The detection system 110 may be realized in software, hardware, or any combination thereof. The detection system 110 may be a physical entity (an example block diagram is discussed below) or a virtual entity (e.g., virtual machine, software container, micro entity, function, and the like).

FIG. 2 shows an example flow diagram 200 illustrating the operation of the detection system according to some embodiments. The detection of HTTP flood attacks is performed during predefined time windows, where an indication can be provided at every window. The baseline is developed over time based on transactions received during peacetime. There are two paths of detection:rate-based (labeled 210) anomalies detection and rate-invariant (labeled 220) anomalies detection. In an embodiment, rate-based features are traffic-related features that tend to be increased during time periods when the traffic increases. In another embodiment, rate-invariant features are traffic-related features that do not tend to be increased during time periods when the traffic is increasing.

The rate-based path 210 will be discussed with reference to a specific rate parameter, the total number of requests per second (RPS) as arrived towards the victim server.
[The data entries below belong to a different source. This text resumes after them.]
text \<open>uq_alg m n emb K Ki e f: the ring 'a is a C(q)-algebra via the central ring
  homomorphism emb, and the elements K j, Ki j (= K_j^{-1}), e i (= E_{i,i+1}),
  f i (= F_{i,i+1}) satisfy the defining relations of U_q(gl(m|n)).\<close>
definition uq_alg :: "nat \<Rightarrow> nat \<Rightarrow> (cq \<Rightarrow> 'a::ring_1) \<Rightarrow> (nat \<Rightarrow> 'a) \<Rightarrow> (nat \<Rightarrow> 'a)
    \<Rightarrow> (nat \<Rightarrow> 'a) \<Rightarrow> (nat \<Rightarrow> 'a) \<Rightarrow> bool" where
  "uq_alg m n emb K Ki e f \<longleftrightarrow>
    emb 1 = 1 \<and> (\<forall>a b. emb (a + b) = emb a + emb b) \<and> (\<forall>a b. emb (a * b) = emb a * emb b)
    \<and> (\<forall>a x. emb a * x = x * emb a)
    \<and> (\<forall>i\<in>{1..m+n}. \<forall>j\<in>{1..m+n}. K i * K j = K j * K i)
    \<and> (\<forall>i\<in>{1..m+n}. K i * Ki i = 1 \<and> Ki i * K i = 1)
    \<and> (\<forall>i\<in>{1..m+n}. \<forall>j\<in>{1..<m+n}.
         K i * e j * Ki i = emb (qi m i powi (delta i j - delta i (j+1))) * e j
       \<and> K i * f j * Ki i = emb (qi m i powi (- (delta i j - delta i (j+1)))) * f j)
    \<and> (\<forall>i\<in>{1..<m+n}. \<forall>j\<in>{1..<m+n}.
         sbr (i = m) (j = m) (e i) (f j) =
           (if i = j then emb (inverse (qi m i - inverse (qi m i))) * (K i * Ki (i+1) - Ki i * K (i+1))
            else 0))
    \<and> e m * e m = 0 \<and> f m * f m = 0
    \<and> (\<forall>i\<in>{1..<m+n}. \<forall>j\<in>{1..<m+n}. (i + 1 < j \<or> j + 1 < i) \<longrightarrow>
         e i * e j = e j * e i \<and> f i * f j = f j * f i)
    \<and> (\<forall>i\<in>{1..<m+n}. \<forall>j\<in>{1..<m+n}. (i + 1 = j \<or> j + 1 = i) \<and> i \<noteq> m \<longrightarrow>
         e i * e i * e j - emb (qq + inverse qq) * e i * e j * e i + e j * e i * e i = 0
       \<and> f i * f i * f j - emb (qq + inverse qq) * f i * f j * f i + f j * f i * f i = 0)
    \<and> (2 \<le> m \<and> 2 \<le> n \<longrightarrow>
         sbr True True (Eel m emb e (m - 1) (m + 2)) (e m) = 0
       \<and> sbr True True (Fel m emb f (m - 1) (m + 2)) (f m) = 0)"

end

theory Submission
  imports Defs
begin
Transactions 205 as received by the detection system 110 are fed to both paths for processing. This may include receiving the traffic by a WEB proxy, to decrypt the traffic, when HTTPS is used, render the incoming requests and their corresponding responses. In an embodiment, described in FIG. 2, the WEB proxy is part of the detection system 110. In yet another embodiment, the WEB proxy can be external (e.g., a CDN, a WEB server, etc.) to the detection system 110. In the latter case, the detection system 110 is configured with a pre-defined interface to the WEB proxy to further receive the WEB transactions arriving to, or from, the victim server 130. The processing is performed per time window, but continuously through the operation of system 110. A duration time window is a few seconds, e.g., 10 seconds long.
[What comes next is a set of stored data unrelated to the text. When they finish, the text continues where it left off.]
lemma base2_eq_pos_cone: "base2 n P H H' = pos_cone n (subroots H H')"
proof -
  define S where "S = Vsp n - \<Union>(subarr n P H H')"
  have S: "y \<in> S \<longleftrightarrow> y \<in> Vsp n \<and> (\<forall>\<delta>\<in>subroots H H'. ip n y \<delta> \<noteq> 0)" for y
    by (auto simp: S_def subarr_eq hyp_def)
  show ?thesis
  proof
    show "base2 n P H H' \<subseteq> pos_cone n (subroots H H')"
    proof
      fix y assume "y \<in> base2 n P H H'"
      then obtain b T where b: "b \<in> base n P" and T: "connected T" "T \<subseteq> S" "b \<in> T" "y \<in> T"
        unfolding base2_def S_def connected_component_def by blast
      have "0 < ip n y \<delta>" if \<delta>: "\<delta> \<in> subroots H H'" for \<delta>
      proof (rule connected_ip_pos[OF T(1,3) _ _ T(4)])
        show "0 < ip n b \<delta>" using b \<delta> by (auto simp: base_def subroots_def)
        show "ip n t \<delta> \<noteq> 0" if "t \<in> T" for t using T(2) that S \<delta> by blast
      qed
      then show "y \<in> pos_cone n (subroots H H')" using T(2,4) S by (auto simp: pos_cone_def)
    qed
    have "pos_cone n (subroots H H') \<subseteq> S"
      unfolding pos_cone_def using S by (metis (mono_tags, lifting) less_irrefl mem_Collect_eq subsetI)
    moreover have "b0 \<in> pos_cone n (subroots H H')"
      using b0_in_Vsp ip_b0_pos by (simp add: pos_cone_def subroots_def)
    ultimately
    show "pos_cone n (subroots H H') \<subseteq> base2 n P H H'"
      using segment_closed_imp_connected[OF segment_closed_pos_cone] b0_in_base
      unfolding base2_def S_def connected_component_def by blast
  qed
qed

text \<open>\<open>is_wall A \<delta>\<close>: the hyperplane \<open>H\<^sub>\<delta>\<close> supports a facet of the closed cone cut out by \<open>A\<close>.\<close>

definition is_wall :: "(nat \<Rightarrow> real) set \<Rightarrow> (nat \<Rightarrow> real) \<Rightarrow> bool" where
  "is_wall A \<delta> \<longleftrightarrow> (\<exists>p\<in>hyp n \<delta>. \<forall>\<epsilon>\<in>A - {\<delta>}. 0 < ip n p \<epsilon>)"

lemma contains_facet_imp_is_wall:
  assumes AP: "A \<subseteq> P" and dA: "\<delta> \<in> A" and facet: "contains_facet (hyp n \<delta>) (pos_cone n A)"
  shows "is_wall A \<delta>"
proof -
  obtain U p where U: "open U" "U \<inter> hyp n \<delta> \<subseteq> closure (pos_cone n A)" and p: "p \<in> U" "p \<in> hyp n \<delta>"
    using facet unfolding contains_facet_def by blast
  have nonneg: "0 \<le> ip n q \<epsilon>" if "q \<in> U" "q \<in> hyp n \<delta>" "\<epsilon> \<in> A" for q \<epsilon>
    using that U(2) closure_pos_cone_subset by blast
  have "0 < ip n p \<epsilon>" if \<epsilon>: "\<epsilon> \<in> A - {\<delta>}" for \<epsilon>
  proof (rule ccontr)
    assume "\<not> 0 < ip n p \<epsilon>"
    then have p0: "ip n p \<epsilon> = 0" using nonneg[OF p] \<epsilon> by force
    \<comment> \<open>moving from \<open>p\<close> inside \<open>H\<^sub>\<delta>\<close> against \<open>\<epsilon>\<close> leaves the closed cone\<close>
    obtain d where d: "d \<in> hyp n \<delta>" "0 < ip n d \<epsilon>"
      using obtain_in_hyp_ip_pos[of \<delta> \<epsilon>] AP dA \<epsilon> by blast
    obtain e where e: "0 < e" "\<And>s. \<bar>s\<bar> < e \<Longrightarrow> (\<lambda>k. p k + s * d k) \<in> U"
      using open_contains_line_nbhd[OF U(1) p(1)] by blast
    let ?q = "\<lambda>k. p k + (- e / 2) * d k"
    have "?q \<in> U" using e(2)[of "- e / 2"] e(1) by simp
    moreover have "?q \<in> hyp n \<delta>" using p(2) d(1) by (simp add: hyp_def Vsp_def ip_linear)
    ultimately have "0 \<le> ip n ?q \<epsilon>" using nonneg \<epsilon> by blast
    moreover have "ip n ?q \<epsilon> = - e / 2 * ip n d \<epsilon>" using p0 by (simp add: ip_linear)
    ultimately show False using e(1) d(2) by (simp add: mult_le_0_iff)
  qed
  then show ?thesis using p(2) unfolding is_wall_def by blast
qed

lemma is_wall_imp_contains_facet:
  assumes AP: "A \<subseteq> P" and dA: "\<delta> \<in> A" and wall: "is_wall A \<delta>"
  shows "contains_facet (hyp n \<delta>) (pos_cone n A)"
proof -
  have finA: "finite A" using finite_subset[OF AP finite_roots] .
  obtain p where p: "p \<in> hyp n \<delta>" "\<forall>\<epsilon>\<in>A - {\<delta>}. 0 < ip n p \<epsilon>"
    using wall unfolding is_wall_def by blast
  define U where "U = {x. \<forall>\<epsilon>\<in>A - {\<delta>}. 0 < ip n x \<epsilon>}"
  have "open U" unfolding U_def using open_Collect_ip_pos finA by simp
  moreover have "p \<in> U \<inter> hyp n \<delta>" using p unfolding U_def by auto
  moreover have "x \<in> closure (pos_cone n A)" if x: "x \<in> U" "x \<in> hyp n \<delta>" for x
  proof -
    \<comment> \<open>\<open>x + s\<delta>\<close> lies in the open cone for all small \<open>s > 0\<close>\<close>
    let ?g = "\<lambda>s::real. (\<lambda>k. x k + s * \<delta> k) :: nat \<Rightarrow> real"
    have "(?g \<longlongrightarrow> ?g 0) (at 0 within UNIV)"
      using continuous_on_line[of x \<delta>] unfolding continuous_on_def by (rule bspec) simp
    then have "(?g \<longlongrightarrow> x) (at 0)" by simp
    then have lim: "(?g \<longlongrightarrow> x) (at_right 0)" by (rule tendsto_mono[OF at_le, rotated]) simp_all
    have gV: "?g s \<in> Vsp n" for s
      using x(2) roots_in_Vsp[OF subsetD[OF AP dA]] by (simp add: hyp_def Vsp_def)
    have ev: "\<forall>\<^sub>F s in at_right 0. 0 < ip n x \<epsilon> + s * ip n \<delta> \<epsilon>" if \<epsilon>: "\<epsilon> \<in> A" for \<epsilon>
    proof (cases "\<epsilon> = \<delta>")
      case True
      then show ?thesis using x(2) ip_root_self[OF subsetD[OF AP dA]]
        by (intro eventually_at_right_pos_affine) (simp add: hyp_def)
    next
      case False
      then show ?thesis using x(1) \<epsilon> by (intro eventually_at_right_pos_affine) (simp add: U_def)
    qed
    have "\<forall>\<^sub>F s in at_right 0. \<forall>\<epsilon>\<in>A. 0 < ip n x \<epsilon> + s * ip n \<delta> \<epsilon>"
      by (rule eventually_ball_finite[OF finA]) (use ev in blast)
    then have "\<forall>\<^sub>F s in at_right 0. ?g s \<in> pos_cone n A"
      by (rule eventually_mono) (simp add: pos_cone_def ip_linear gV)
    then have "\<forall>\<^sub>F s in at_right 0. ?g s \<in> closure (pos_cone n A)"
      by (rule eventually_mono) (use closure_subset in blast)
    then show ?thesis by (rule Lim_in_closed_set[OF closed_closure _ _ lim]) simp
  qed
  ultimately show ?thesis unfolding contains_facet_def by blast
qed

lemma basic_iff:
  assumes "\<delta> \<in> P"
  shows "hyp n \<delta> \<in> basic n P H H' \<longleftrightarrow> \<delta> \<in> subroots H H' \<and> is_wall (subroots H H') \<delta>"
proof -
  have "hyp n \<delta> \<in> subarr n P H H' \<longleftrightarrow> \<delta> \<in> subroots H H'"
    using assms hyp_eq_iff by (auto simp: subarr_eq subroots_def)
  moreover have "subroots H H' \<subseteq> P" by (auto simp: subroots_def)
  ultimately show ?thesis
    unfolding basic_def base2_eq_pos_cone
    using contains_facet_imp_is_wall is_wall_imp_contains_facet by blast
qed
In the rate-based path, a check is attempted for a potential attack to be initiated due to an increase in the number of transactions and their rate. Specifically, at block 210, the RPS of the current window (n+1, wherein ‘n’ is an integer) is computed. The value of the RPS[n+1] is computed as follows:

WinRPS[n+1]=total requests/time window duration  Eq. 1

Where, the total number of requests is the number of requests received during a time window [n+1]. Then, short and medium baselines are computed at blocks 212 and 213, respectively. The baselines SrtBL[n] and MidBL[n] are the mean and variance values of the RPS when applying different alpha filters on such values. In an embodiment, the mean and variance (var) values may be computed using an alpha filter as follows:

RPS_mean_[n+1]=RPS_mean_[n]·(1·α)+RPS[n+1]·α  Eq. 2

RPS_var_[n+1]=RPS_var_[n]·(1−α)+RPS_[n+1]²·α+RPS_mean_[n]²·(1−α)−RPS_mean_[n+1]²  Eq. 3

Where the ‘α’ value for the ‘short’ baseline (SrtBL[n]) is smaller than the a value for the ‘mid’ baseline (MidBL[n]). The SrtBL[n] and MidBL[n] baselines are defined using the RPS_mean_[n+2] and RPS_var_[n+2]. The RPS_var is the variance of the measured RPS, correspondingly.
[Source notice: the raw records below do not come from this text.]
lemma summable_survival: "summable survival"
proof (rule summableI_nonneg_bounded[where x = "real b ^ length w"])
  fix n
  have "0 \<le> word_prob b (n + length w) (\<lambda>u. occ w (w @ u) = occ w w)"
    by (rule word_prob_nonneg)
  moreover have "0 \<le> (\<Sum>t\<in>{1..<length w}.
      word_prob b t (\<lambda>a. suffix w (w @ a)) * survival (n + length w - t))"
    by (intro sum_nonneg mult_nonneg_nonneg word_prob_nonneg survival_nonneg)
  ultimately have "(\<Sum>i\<le>n. survival i) / real b ^ length w \<le> 1"
    using renewal_identity[of n w] by linarith
  then have "(\<Sum>i\<le>n. survival i) \<le> real b ^ length w"
    using alphabet_pos by (simp add: divide_le_eq)
  moreover have "(\<Sum>i<n. survival i) \<le> (\<Sum>i\<le>n. survival i)"
    by (intro sum_mono2) (auto simp: survival_nonneg)
  ultimately show "(\<Sum>i<n. survival i) \<le> real b ^ length w" by simp
qed (rule survival_nonneg)

lemma renewal_remainder_tendsto_zero:
  "(\<lambda>n. \<Sum>t\<in>{1..<length w}. word_prob b t (\<lambda>a. suffix w (X @ a)) * survival (n + length w - t))
     \<longlonglongrightarrow> 0"
proof (intro tendsto_null_sum tendsto_mult_right_zero)
  fix t assume "t \<in> {1..<length w}"
  then have "n + length w - t = n + (length w - t)" for n by simp
  then show "(\<lambda>n. survival (n + length w - t)) \<longlonglongrightarrow> 0"
    using LIMSEQ_ignore_initial_segment[OF summable_LIMSEQ_zero[OF summable_survival]] by simp
qed

lemma survival_sums: "survival sums real b ^ length w"
proof -
  have "(\<lambda>n. survival (n + length w)) \<longlonglongrightarrow> 0"
    by (rule LIMSEQ_ignore_initial_segment[OF summable_LIMSEQ_zero[OF summable_survival]])
  then have "(\<lambda>n. real b ^ length w * (1 - survival (n + length w)
      - (\<Sum>t\<in>{1..<length w}. word_prob b t (\<lambda>a. suffix w (w @ a)) * survival (n + length w - t))))
      \<longlonglongrightarrow> real b ^ length w * (1 - 0 - 0)"
    by (intro tendsto_intros renewal_remainder_tendsto_zero)
  moreover have "real b ^ length w * (1 - survival (n + length w)
      - (\<Sum>t\<in>{1..<length w}. word_prob b t (\<lambda>a. suffix w (w @ a)) * survival (n + length w - t)))
      = (\<Sum>i\<le>n. survival i)" for n
    using renewal_identity[of n w] alphabet_pos unfolding survival_def
    by (simp add: field_simps)
  ultimately show ?thesis unfolding sums_def_le by simp
qed

lemma no_new_occurrence_tendsto_zero:
  "(\<lambda>N. word_prob b N (\<lambda>u. occ w (X @ u) = occ w X)) \<longlonglongrightarrow> 0"
proof (rule LIMSEQ_offset[where k = "length w"])
  let ?R = "\<lambda>n. \<Sum>t\<in>{1..<length w}. word_prob b t (\<lambda>a. suffix w (X @ a)) * survival (n + length w - t)"
  have "(\<lambda>n. 1 - ?R n - (\<Sum>i\<le>n. survival i) / real b ^ length w)
      \<longlonglongrightarrow> 1 - 0 - real b ^ length w / real b ^ length w"
    using survival_sums alphabet_pos unfolding sums_def_le
    by (intro tendsto_intros renewal_remainder_tendsto_zero) auto
  moreover have "word_prob b (n + length w) (\<lambda>u. occ w (X @ u) = occ w X)
      = 1 - ?R n - (\<Sum>i\<le>n. survival i) / real b ^ length w" for n
    using renewal_identity[of n X] by linarith
  ultimately show "(\<lambda>n. word_prob b (n + length w) (\<lambda>u. occ w (X @ u) = occ w X)) \<longlonglongrightarrow> 0"
    using alphabet_pos by simp
qed

lemma hitting_nonneg: "0 \<le> hitting X j t"
  unfolding hitting_def by (rule word_prob_nonneg)

lemma occurrence_count_convolution:
  assumes "occ w X < j"
  shows "word_prob b N (\<lambda>u. occ w (X @ u) = j) = (\<Sum>t\<le>N. hitting X j t * survival (N - t))"
proof -
  have "word_prob b N (\<lambda>u. occ w (X @ u) = j) = word_prob b N (\<lambda>u. occ w (X @ u) \<in> {j})"
    by simp
  also have "\<dots> = (\<Sum>t=1..N. hitting X j t * survival (N - t))"
    unfolding last_occurrence_decomposition hitting_def using assms by simp
  moreover have "hitting X j 0 = 0"
    using assms unfolding hitting_def by (simp add: word_prob_Nil)
  ultimately show ?thesis
    by (simp add: atMost_atLeast0 sum.atLeast_Suc_atMost[of 0 N])
qed

lemma at_least_prob_eq_sum_hitting:
  assumes "occ w X < j"
  shows "word_prob b N (\<lambda>u. j \<le> occ w (X @ u)) = (\<Sum>t\<le>N. hitting X j t)"
proof (induction N)
  case 0
  have "word_prob b 0 (\<lambda>u. j \<le> occ w (X @ u)) = 0" "hitting X j 0 = 0"
    using assms by (simp_all add: word_prob_Nil hitting_def)
  then show ?case by simp
next
  case (Suc N)
  have snoc: "occ w (X @ u) = occ w (X @ take N u) + (if suffix w (X @ u) then 1 else 0)"
    if len: "length u = Suc N" for u
  proof -
    obtain v x where u: "u = v @ [x]" using len by (cases u rule: rev_cases) auto
    with len have "take N u = v" by simp
    then show ?thesis using occ_snoc[OF pattern_nonempty, of "X @ v" x] u by simp
  qed
  have "word_prob b (Suc N) (\<lambda>u. j \<le> occ w (X @ u))
      = word_prob b (Suc N) (\<lambda>u. j \<le> occ w (X @ take N u) \<or> (suffix w (X @ u) \<and> occ w (X @ u) = j))"
    by (intro word_prob_cong) (auto simp: words_def snoc)
  also have "\<dots> = word_prob b (Suc N) (\<lambda>u. j \<le> occ w (X @ take N u)) + hitting X j (Suc N)"
    unfolding hitting_def by (intro word_prob_disj) (auto simp: words_def snoc)
  also have "word_prob b (Suc N) (\<lambda>u. j \<le> occ w (X @ take N u)) = word_prob b N (\<lambda>a. j \<le> occ w (X @ a))"
    using word_prob_append[of b N 1 "\<lambda>a. j \<le> occ w (X @ a)" "\<lambda>_. True"]
    by (simp add: word_prob_True[OF alphabet_pos])
  finally show ?case using Suc.IH by simp
qed

lemma summable_hitting:
  assumes "occ w X < j"
  shows "summable (hitting X j)"
proof (rule summableI_nonneg_bounded[where x = 1])
  fix n
  have "(\<Sum>t<n. hitting X j t) \<le> (\<Sum>t\<le>n. hitting X j t)"
    by (intro sum_mono2) (auto simp: hitting_nonneg)
  also have "\<dots> \<le> 1"
    by (simp only: at_least_prob_eq_sum_hitting[OF assms, symmetric] word_prob_le_one[OF alphabet_pos])
  finally show "(\<Sum>t<n. hitting X j t) \<le> 1" .
qed (rule hitting_nonneg)

lemma occurrence_count_sums_product:
  assumes "occ w X < j"
  shows "(\<lambda>N. word_prob b N (\<lambda>u. occ w (X @ u) = j)) sums (suminf (hitting X j) * real b ^ length w)"
proof -
  have "(\<lambda>N. \<Sum>t\<le>N. hitting X j t * survival (N - t)) sums (suminf (hitting X j) * suminf survival)"
    by (rule Cauchy_product_sums)
       (simp_all add: hitting_nonneg survival_nonneg summable_hitting[OF assms] summable_survival)
  then show ?thesis
    using survival_sums by (simp add: occurrence_count_convolution[OF assms] sums_iff)
qed

lemma occurrence_count_tendsto_zero: "(\<lambda>N. word_prob b N (\<lambda>u. occ w (X @ u) = j)) \<longlonglongrightarrow> 0"
proof (cases "occ w X" j rule: linorder_cases)
  case less
  then show ?thesis
    by (rule summable_LIMSEQ_zero[OF sums_summable[OF occurrence_count_sums_product]])
next
  case equal
  then show ?thesis using no_new_occurrence_tendsto_zero[of X] by simp
next
  case greater
  then have "occ w (X @ u) \<noteq> j" for u using occ_le_occ_append[of w X u] by simp
  then have "word_prob b N (\<lambda>u. occ w (X @ u) = j) = word_prob b N (\<lambda>_. False)" for N
    by (intro word_prob_cong) simp
  then show ?thesis by (simp add: word_prob_False)
qed

lemma hitting_sums_one:
  assumes "occ w X < j"
  shows "hitting X j sums 1"
proof -
  have "word_prob b N (\<lambda>u. j \<le> occ w (X @ u)) = 1 - (\<Sum>i<j. word_prob b N (\<lambda>u. occ w (X @ u) = i))"
    for N
  proof -
    have "1 = word_prob b N (\<lambda>_. True)" using word_prob_True[OF alphabet_pos] by simp
    also have "\<dots> = word_prob b N (\<lambda>u. j \<le> occ w (X @ u) \<or> (\<exists>i\<in>{..<j}. occ w (X @ u) = i))"
      by (intro word_prob_cong) auto
    also have "\<dots> = word_prob b N (\<lambda>u. j \<le> occ w (X @ u))
        + word_prob b N (\<lambda>u. \<exists>i\<in>{..<j}. occ w (X @ u) = i)"
      by (intro word_prob_disj) auto
    also have "word_prob b N (\<lambda>u. \<exists>i\<in>{..<j}. occ w (X @ u) = i)
        = (\<Sum>i<j. word_prob b N (\<lambda>u. occ w (X @ u) = i))"
      by (intro word_prob_Bex) auto
    finally show ?thesis by simp
  qed
  moreover have "(\<lambda>N. 1 - (\<Sum>i<j. word_prob b N (\<lambda>u. occ w (X @ u) = i))) \<longlonglongrightarrow> 1 - (\<Sum>i<j. 0)"
    by (intro tendsto_diff tendsto_const tendsto_sum occurrence_count_tendsto_zero)
  ultimately show ?thesis
    by (simp add: sums_def_le flip: at_least_prob_eq_sum_hitting[OF assms])
qed

lemma occurrence_count_sums:
  assumes "occ w X < k"
  shows "(\<lambda>N. word_prob b N (\<lambda>u. occ w (X @ u) = k)) sums real b ^ length w"
  using occurrence_count_sums_product[OF assms] hitting_sums_one[OF assms] by (simp add: sums_iff)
In an embodiment, the short baseline is utilized to follow hourly increasements in RPS, especially for 24 by 7 legitimate WEB traffic patterns, and by that, uses an alpha fitting for averaging over the last hour. The medium (‘mid’) baseline is utilized to follow burst RPS traffic patterns. In an embodiment, the duration of the alpha filter can be configured to dynamically fit other types of patterns and attack detection sensitivities. In yet another embodiment, the detection system 110 supports multiple alpha filters to cover other types of patterns and multiple integrations, or averaging, periods.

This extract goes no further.